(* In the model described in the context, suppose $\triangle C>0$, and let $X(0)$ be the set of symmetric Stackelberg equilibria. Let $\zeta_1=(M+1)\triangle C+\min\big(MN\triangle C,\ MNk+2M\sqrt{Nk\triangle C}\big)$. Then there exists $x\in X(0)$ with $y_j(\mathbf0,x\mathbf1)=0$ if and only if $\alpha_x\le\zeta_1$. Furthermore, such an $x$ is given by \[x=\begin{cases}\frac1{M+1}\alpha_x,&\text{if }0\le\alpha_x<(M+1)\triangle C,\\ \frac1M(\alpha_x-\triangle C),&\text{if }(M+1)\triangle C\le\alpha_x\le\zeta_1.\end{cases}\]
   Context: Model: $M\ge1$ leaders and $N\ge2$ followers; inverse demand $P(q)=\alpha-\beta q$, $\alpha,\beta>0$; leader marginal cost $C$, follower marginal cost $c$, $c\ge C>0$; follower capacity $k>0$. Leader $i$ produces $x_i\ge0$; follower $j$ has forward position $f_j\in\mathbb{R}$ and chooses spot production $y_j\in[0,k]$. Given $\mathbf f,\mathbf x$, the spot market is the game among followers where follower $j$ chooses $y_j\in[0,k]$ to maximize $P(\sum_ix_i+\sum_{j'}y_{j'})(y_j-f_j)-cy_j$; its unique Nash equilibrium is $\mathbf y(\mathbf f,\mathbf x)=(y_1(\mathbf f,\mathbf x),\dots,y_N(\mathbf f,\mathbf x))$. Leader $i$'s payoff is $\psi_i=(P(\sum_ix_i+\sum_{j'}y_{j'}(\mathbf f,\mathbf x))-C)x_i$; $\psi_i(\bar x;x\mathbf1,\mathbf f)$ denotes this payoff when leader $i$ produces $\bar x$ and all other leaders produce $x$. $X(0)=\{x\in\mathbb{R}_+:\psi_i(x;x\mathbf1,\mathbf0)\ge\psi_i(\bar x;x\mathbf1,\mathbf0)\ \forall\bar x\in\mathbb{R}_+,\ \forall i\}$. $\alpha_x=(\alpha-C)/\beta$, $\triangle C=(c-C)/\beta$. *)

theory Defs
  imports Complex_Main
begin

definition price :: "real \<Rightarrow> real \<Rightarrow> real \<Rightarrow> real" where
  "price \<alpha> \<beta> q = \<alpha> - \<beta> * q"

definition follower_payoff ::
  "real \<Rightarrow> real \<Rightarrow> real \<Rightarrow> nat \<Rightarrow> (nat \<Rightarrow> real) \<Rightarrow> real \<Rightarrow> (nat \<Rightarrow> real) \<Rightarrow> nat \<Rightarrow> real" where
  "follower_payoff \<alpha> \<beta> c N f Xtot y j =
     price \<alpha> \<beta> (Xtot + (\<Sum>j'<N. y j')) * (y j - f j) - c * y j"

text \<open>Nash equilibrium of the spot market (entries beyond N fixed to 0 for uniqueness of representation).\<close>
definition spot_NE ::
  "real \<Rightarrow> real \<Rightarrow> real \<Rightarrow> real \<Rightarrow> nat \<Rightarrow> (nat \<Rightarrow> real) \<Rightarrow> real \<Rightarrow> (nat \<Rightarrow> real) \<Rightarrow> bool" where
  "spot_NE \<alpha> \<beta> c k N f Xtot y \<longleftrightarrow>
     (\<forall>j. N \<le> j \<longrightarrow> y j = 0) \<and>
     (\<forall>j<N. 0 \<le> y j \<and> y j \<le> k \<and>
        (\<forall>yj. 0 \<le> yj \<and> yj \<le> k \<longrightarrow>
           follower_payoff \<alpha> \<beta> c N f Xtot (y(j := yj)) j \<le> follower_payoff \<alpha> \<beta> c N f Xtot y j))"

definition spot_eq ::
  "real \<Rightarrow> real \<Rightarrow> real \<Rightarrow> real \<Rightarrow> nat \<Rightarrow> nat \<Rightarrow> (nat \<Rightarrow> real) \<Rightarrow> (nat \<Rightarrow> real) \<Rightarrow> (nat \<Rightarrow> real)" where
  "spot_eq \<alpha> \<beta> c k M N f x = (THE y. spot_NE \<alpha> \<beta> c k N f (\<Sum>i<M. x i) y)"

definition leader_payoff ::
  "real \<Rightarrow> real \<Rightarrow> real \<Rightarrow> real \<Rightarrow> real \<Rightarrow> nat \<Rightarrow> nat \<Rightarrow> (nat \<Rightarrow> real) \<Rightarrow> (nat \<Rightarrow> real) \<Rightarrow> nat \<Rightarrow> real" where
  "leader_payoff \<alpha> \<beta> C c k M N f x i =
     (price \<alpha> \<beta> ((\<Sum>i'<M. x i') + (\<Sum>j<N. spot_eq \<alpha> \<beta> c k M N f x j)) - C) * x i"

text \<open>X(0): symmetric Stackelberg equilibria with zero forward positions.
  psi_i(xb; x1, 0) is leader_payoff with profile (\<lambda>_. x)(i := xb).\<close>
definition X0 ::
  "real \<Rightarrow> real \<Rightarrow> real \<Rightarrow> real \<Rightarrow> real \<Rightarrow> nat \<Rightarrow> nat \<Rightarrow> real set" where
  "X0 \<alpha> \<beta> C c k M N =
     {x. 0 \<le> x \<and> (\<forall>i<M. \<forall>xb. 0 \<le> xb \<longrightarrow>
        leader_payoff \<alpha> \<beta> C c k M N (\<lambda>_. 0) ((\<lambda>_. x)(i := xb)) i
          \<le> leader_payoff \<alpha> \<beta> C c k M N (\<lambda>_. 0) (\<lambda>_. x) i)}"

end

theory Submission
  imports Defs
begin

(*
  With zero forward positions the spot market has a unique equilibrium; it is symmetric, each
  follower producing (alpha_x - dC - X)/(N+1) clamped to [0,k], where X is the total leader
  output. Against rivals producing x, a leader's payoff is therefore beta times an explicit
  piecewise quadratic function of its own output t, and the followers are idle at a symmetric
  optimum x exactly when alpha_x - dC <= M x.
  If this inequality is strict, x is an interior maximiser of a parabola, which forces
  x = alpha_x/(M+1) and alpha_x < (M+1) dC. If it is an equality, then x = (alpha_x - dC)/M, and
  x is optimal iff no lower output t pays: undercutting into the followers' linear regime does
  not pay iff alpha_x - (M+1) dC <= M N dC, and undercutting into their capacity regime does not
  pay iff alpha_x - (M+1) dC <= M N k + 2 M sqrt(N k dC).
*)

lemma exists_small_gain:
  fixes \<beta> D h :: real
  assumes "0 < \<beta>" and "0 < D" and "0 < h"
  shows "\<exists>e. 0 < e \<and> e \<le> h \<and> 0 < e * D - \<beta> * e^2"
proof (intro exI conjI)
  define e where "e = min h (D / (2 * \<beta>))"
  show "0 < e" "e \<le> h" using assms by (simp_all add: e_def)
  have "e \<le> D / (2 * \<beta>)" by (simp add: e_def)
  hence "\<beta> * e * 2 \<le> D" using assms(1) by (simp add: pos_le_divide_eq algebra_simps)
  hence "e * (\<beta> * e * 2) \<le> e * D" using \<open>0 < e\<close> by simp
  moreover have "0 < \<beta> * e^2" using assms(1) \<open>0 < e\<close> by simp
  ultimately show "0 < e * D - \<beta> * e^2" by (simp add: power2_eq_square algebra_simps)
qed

> **About this task**
The listing above holds a line with "0 \<le> xb \<longrightarrow>" and a line with "optimum x exactly when alpha_x - dC <= M x.". Print the stretch from the first through the second, exactly and alone.

> **Response to the exercise**
     {x. 0 \<le> x \<and> (\<forall>i<M. \<forall>xb. 0 \<le> xb \<longrightarrow>
        leader_payoff \<alpha> \<beta> C c k M N (\<lambda>_. 0) ((\<lambda>_. x)(i := xb)) i
          \<le> leader_payoff \<alpha> \<beta> C c k M N (\<lambda>_. 0) (\<lambda>_. x) i)}"

end

theory Submission
  imports Defs
begin

(*
  With zero forward positions the spot market has a unique equilibrium; it is symmetric, each
  follower producing (alpha_x - dC - X)/(N+1) clamped to [0,k], where X is the total leader
  output. Against rivals producing x, a leader's payoff is therefore beta times an explicit
  piecewise quadratic function of its own output t, and the followers are idle at a symmetric
  optimum x exactly when alpha_x - dC <= M x.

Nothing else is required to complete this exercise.